### [YOUR GOAL]
Begin at the line below that has "k = ((tp_mult" and stop after the line that has "foldr (tp_mult m". Please restate only those lines, word for word.

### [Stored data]

(* Let $d\ge1$, let $S\subset\mathbb R^d$ be a regular simplex of unit side length, let $k,z\ge1$ be integers and set $s=zkd$. Let $A_s$ be the collection of $(d+1)^s$ simplices in the $s$-stage uniform subdivision of $S$. Then at most a $z(1-e^{-d})^k$ fraction of the simplices in $A_s$ have diameter larger than $(d/(d+1))^z$.
   Context: The $i$-stage uniform subdivision of a simplex $S'$ is defined recursively: the $0$-stage subdivision is $\{S'\}$; the $(i+1)$-stage subdivision is obtained from the $i$-stage subdivision by replacing each simplex $T$ in it, with vertices $v_0,\dots,v_d$ and barycenter $b=(v_0+\dots+v_d)/(d+1)$, by the $d+1$ simplices obtained from $T$ by replacing one vertex $v_m$ with $b$ ($m=0,\dots,d$). Thus the $i$-stage subdivision consists of $(d+1)^i$ simplices. The diameter of a simplex is the largest distance between two of its vertices. *)

theory Defs
  imports "HOL-Analysis.Analysis"
begin

text \<open>A simplex is represented by the list of its vertices (v_0,...,v_d).\<close>

definition barycenter :: "'a::real_vector list \<Rightarrow> 'a" where
  "barycenter vs = (1 / real (length vs)) *\<^sub>R sum_list vs"

definition children :: "'a::real_vector list \<Rightarrow> 'a list list" where
  "children vs = map (\<lambda>m. vs[m := barycenter vs]) [0..<length vs]"

fun subdiv :: "nat \<Rightarrow> 'a::real_vector list \<Rightarrow> 'a list list" where
  "subdiv 0 T = [T]"
| "subdiv (Suc i) T = concat (map children (subdiv i T))"

definition regular_unit_simplex :: "'a::real_normed_vector list \<Rightarrow> nat \<Rightarrow> bool" where
  "regular_unit_simplex vs d \<longleftrightarrow> length vs = d + 1 \<and>
     (\<forall>i<d+1. \<forall>j<d+1. i \<noteq> j \<longrightarrow> dist (vs!i) (vs!j) = 1)"
(* Let $m\geq1$ and $e\geq0$ with $m\equiv 2^e-1 \pmod{2^{e+1}}$ (i.e. $e$ is the length of the final block of consecutive ones in the binary expansion of $m$; $e=0$ iff $m$ is even). Then $G(m)\leq 2^e-1$, with equality if $m$ is even or if $m=2^e-1$. In fact $G(m,s)\leq 2^e-1$ for all $s\geq\max\{(m+1)/2^e,2\}$. Specifically, if $m>2^e-1$ and $\sigma=(m+1)/2^e$ (an integer greater than $2$), then the product of $\sigma$-th zero-divisors $$(x_1+x_\sigma)^{m+2^e}(x_2+x_\sigma)^{m+2^e}\cdots(x_{\sigma-1}+x_\sigma)^{m+2^e}\in H^*((\mathbb{R}\mathrm{P}^m)^{\times\sigma};\mathbb{Z}_2)$$ is nonzero.
   Context: $H^*((\mathbb{R}\mathrm{P}^m)^{\times s};\mathbb{Z}_2)=\mathbb{Z}_2[x_1,\ldots,x_s]/(x_i^{m+1})$ with $x_i$ the pullback of the generator of $H^1(\mathbb{R}\mathrm{P}^m;\mathbb{Z}_2)$ under the $i$-th projection. The $s$-th zero-divisors are the elements of the kernel of the map $\Delta_s^*$ induced by the diagonal $\mathbb{R}\mathrm{P}^m\to(\mathbb{R}\mathrm{P}^m)^{\times s}$, and $\operatorname{zcl}_s(\mathbb{R}\mathrm{P}^m)$ is the maximal number of $s$-th zero-divisors with nonzero product. $G(m,s)=sm-\operatorname{zcl}_s(\mathbb{R}\mathrm{P}^m)$; the sequence $G(m,2)\geq G(m,3)\geq\cdots\geq0$ is non-increasing, and $G(m)$ denotes its eventual (stable) value. *)

theory Defs
  imports Complex_Main "HOL-Library.Z2"
begin

text \<open>Model of H^*((RP^m)^s; Z_2) = Z_2[x_1,...,x_s]/(x_i^(m+1)).
  A monomial x_1^(a 1) ... x_s^(a s) is an exponent function a :: nat => nat
  with a i <= m for all i and a i = 0 for i outside {1..s}.
  An element of the ring is a Z_2-valued (type bit) coefficient function on
  monomials, vanishing outside the set of admissible monomials.\<close>

definition mono_set :: "nat \<Rightarrow> nat \<Rightarrow> (nat \<Rightarrow> nat) set" where
  "mono_set m s = {a. (\<forall>i. a i \<le> m) \<and> (\<forall>i. i \<notin> {1..s} \<longrightarrow> a i = 0)}"

type_synonym tpoly = "(nat \<Rightarrow> nat) \<Rightarrow> bit"

definition tp_elem :: "nat \<Rightarrow> nat \<Rightarrow> tpoly \<Rightarrow> bool" where
  "tp_elem m s f \<longleftrightarrow> (\<forall>a. a \<notin> mono_set m s \<longrightarrow> f a = 0)"

definition tp_zero :: tpoly where
  "tp_zero = (\<lambda>_. 0)"

definition tp_one :: tpoly where
  "tp_one = (\<lambda>a. if a = (\<lambda>_. 0) then 1 else 0)"

text \<open>the generator x_i (pullback of the generator of H^1(RP^m) under the i-th projection)\<close>
definition tp_var :: "nat \<Rightarrow> tpoly" where
  "tp_var i = (\<lambda>a. if a = (\<lambda>j. if j = i then 1 else 0) then 1 else 0)"

definition tp_add :: "tpoly \<Rightarrow> tpoly \<Rightarrow> tpoly" where
  "tp_add f g = (\<lambda>a. f a + g a)"

definition tp_mult :: "nat \<Rightarrow> nat \<Rightarrow> tpoly \<Rightarrow> tpoly \<Rightarrow> tpoly" where
  "tp_mult m s f g = (\<lambda>c. if c \<in> mono_set m s then
      (\<Sum>a\<in>mono_set m s. \<Sum>b\<in>mono_set m s.
          if (\<lambda>i. a i + b i) = c then f a * g b else 0)
    else 0)"

definition tp_pow :: "nat \<Rightarrow> nat \<Rightarrow> tpoly \<Rightarrow> nat \<Rightarrow> tpoly" where
  "tp_pow m s f k = ((tp_mult m s f) ^^ k) tp_one"

definition tp_prod :: "nat \<Rightarrow> nat \<Rightarrow> tpoly list \<Rightarrow> tpoly" where
  "tp_prod m s fs = foldr (tp_mult m s) fs tp_one"

text \<open>The map induced by the diagonal RP^m -> (RP^m)^s, x_i |-> x; the result is the
  coefficient function of an element of H^*(RP^m;Z_2) = Z_2[x]/(x^(m+1)).\<close>
definition diag :: "nat \<Rightarrow> nat \<Rightarrow> tpoly \<Rightarrow> (nat \<Rightarrow> bit)" where
  "diag m s f = (\<lambda>d. if d \<le> m then
      (\<Sum>a\<in>mono_set m s. if (\<Sum>i\<in>{1..s}. a i) = d then f a else 0) else 0)"
lemma finite_card_mirror_free_comps:
  "finite (mirror_free_comps h) \<and> card (mirror_free_comps h) = mirror_free_count h"
proof (induction h rule: mirror_free_count.induct)
  case 1
  have "mirror_free_comps 0 = {[]}" using mirror_free_comps_cases[of _ 0] by auto
  then show ?case by simp
next
  case 2
  have "mirror_free_comps 1 = {}" using mirror_free_comps_cases[of _ 1] by auto
  then show ?case by simp
next
  case 3
  have "mirror_free_comps 2 = {[2]}" using mirror_free_comps_cases[of _ 2] by auto
  then show ?case by (simp add: numeral_2_eq_2)
next
  case 4
  have "mirror_free_comps 0 = {[]}" using mirror_free_comps_cases[of _ 0] by auto
  then have "mirror_free_comps 3 = {[1, 2], [2, 1]}" using mirror_free_comps_cases[of _ 3] by auto
  then show ?case by (simp add: numeral_3_eq_3)
next
  case (5 n)
  let ?wrap = "\<lambda>a b zs. a # zs @ [b :: nat]"
  let ?A = "?wrap 1 2 ` mirror_free_comps (Suc n)" and ?B = "?wrap 2 1 ` mirror_free_comps (Suc n)"
    and ?C = "?wrap 2 2 ` mirror_free_comps n"
  have split: "mirror_free_comps (Suc (Suc (Suc (Suc n)))) = ?A \<union> ?B \<union> ?C"
    using mirror_free_comps_cases[of _ "Suc (Suc (Suc (Suc n)))"]
    by (auto simp: numeral_3_eq_3 numeral_eq_Suc)
  have inj: "inj_on (?wrap a b) X" for a b X by (auto simp: inj_on_def)
  have "card (?A \<union> ?B \<union> ?C) = card ?A + card ?B + card ?C"
    using 5 by (subst card_Un_disjoint; auto)+
  also have "\<dots> = 2 * mirror_free_count (Suc n) + mirror_free_count n"
    using 5 by (simp add: card_image[OF inj])
  finally show ?case using split 5 by simp
qed

lemma last_3_parts_12_iff:
  fixes xs :: "nat list"
  shows "(xs \<noteq> [] \<and> last xs = 3 \<and> (\<forall>i < length xs - 1. xs ! i \<in> {1, 2})) \<longleftrightarrow>
     (\<exists>ys. xs = ys @ [3] \<and> set ys \<subseteq> {1, 2})"
proof
  assume xs: "xs \<noteq> [] \<and> last xs = 3 \<and> (\<forall>i < length xs - 1. xs ! i \<in> {1, 2})"
  then have "xs = butlast xs @ [3]" by (metis append_butlast_last_id)
  moreover have "set (butlast xs) \<subseteq> {1, 2}"
    using xs by (fastforce simp: in_set_conv_nth nth_butlast)
  ultimately show "\<exists>ys. xs = ys @ [3] \<and> set ys \<subseteq> {1, 2}" by blast
next
  assume "\<exists>ys. xs = ys @ [3] \<and> set ys \<subseteq> {1, 2}"
  then show "xs \<noteq> [] \<and> last xs = 3 \<and> (\<forall>i < length xs - 1. xs ! i \<in> {1, 2})"
    by (force simp: nth_append subset_iff)
qed

lemma ctilde1_eq_mirror_free_count:
  "ctilde1 g = (if 3 \<le> g then mirror_free_count (g - 3) else 0)"
proof -
  have "{xs. nsg_comp xs \<and> genus xs = g \<and> xs \<noteq> [] \<and> last xs = 3 \<and>
             (\<forall>i < length xs - 1. xs ! i \<in> {1, 2})}
      = (\<lambda>ys. ys @ [3]) ` {ys. set ys \<subseteq> {1, 2} \<and> no_mirrored_ones ys \<and> sum_list ys + 3 = g}"
    (is "?L = ?R")
  proof (rule set_eqI)
    fix xs
    have "xs \<in> ?L \<longleftrightarrow> (\<exists>ys. xs = ys @ [3] \<and> set ys \<subseteq> {1, 2} \<and> nsg_comp xs \<and> genus xs = g)"
      using last_3_parts_12_iff[of xs] by blast
    also have "\<dots> \<longleftrightarrow> xs \<in> ?R"
      using nsg_comp_snoc_3_iff by (auto simp: genus_def)
    finally show "xs \<in> ?L \<longleftrightarrow> xs \<in> ?R" .
  qed
  also have "\<dots> = (\<lambda>ys. ys @ [3]) ` (if 3 \<le> g then mirror_free_comps (g - 3) else {})"
    by (auto simp: mirror_free_comps_def)
  finally show ?thesis unfolding ctilde1_def
    using finite_card_mirror_free_comps[of "g - 3"] by (simp add: card_image inj_on_def)
qed
(* Let $f,g:(0,\infty)\to\mathbb{R}$ be convex functions with $f(1)=g(1)=0$. (i) If $f(0)=\infty$ and $\liminf_{t\to0}\frac{g(t)}{f(t)}=\beta_0$, then for every $\beta>\beta_0$, \[ \sup_{P,Q}\bigl(\beta\, D_f(P,Q)-D_g(P,Q)\bigr)=\infty, \] the supremum being over all pairs of probability distributions $P,Q$ (on a common space). (ii) If $f^{\ast}(0)=\infty$ and $\liminf_{t\to\infty}\frac{g(t)}{f(t)}=\beta_0$, then for every $\beta>\beta_0$, $\sup_{P,Q}\bigl(\beta\, D_f(P,Q)-D_g(P,Q)\bigr)=\infty$.
   Context: For a convex function $f:(0,\infty)\to\mathbb{R}$ with $f(1)=0$, set $f(0)=\lim_{t\to0}f(t)$, $f^{\ast}(t)=tf(t^{-1})$ and $f^{\ast}(0)=\lim_{t\to\infty}f(t)/t$ (values in $(-\infty,\infty]$). If $P,Q$ are probability measures absolutely continuous with respect to a measure $\mu$ with densities $p=dP/d\mu$, $q=dQ/d\mu$, the $f$-divergence is $D_f(P,Q)=\int_{\{q>0\}} f(p/q)\,dQ+f^{\ast}(0)\,P(q=0)$. *)

theory Defs
  imports "HOL-Analysis.Analysis"
begin

definition fzero :: "(real \<Rightarrow> real) \<Rightarrow> ereal" where
  "fzero f = Lim (at_right 0) (\<lambda>t. ereal (f t))"

definition fstar0 :: "(real \<Rightarrow> real) \<Rightarrow> ereal" where
  "fstar0 f = Lim at_top (\<lambda>t. ereal (f t / t))"

definition fext :: "(real \<Rightarrow> real) \<Rightarrow> real \<Rightarrow> ereal" where
  "fext f t = (if t > 0 then ereal (f t) else fzero f)"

### [EXERCISE RESPONSE]
  "tp_pow m s f k = ((tp_mult m s f) ^^ k) tp_one"

definition tp_prod :: "nat \<Rightarrow> nat \<Rightarrow> tpoly list \<Rightarrow> tpoly" where
  "tp_prod m s fs = foldr (tp_mult m s) fs tp_one"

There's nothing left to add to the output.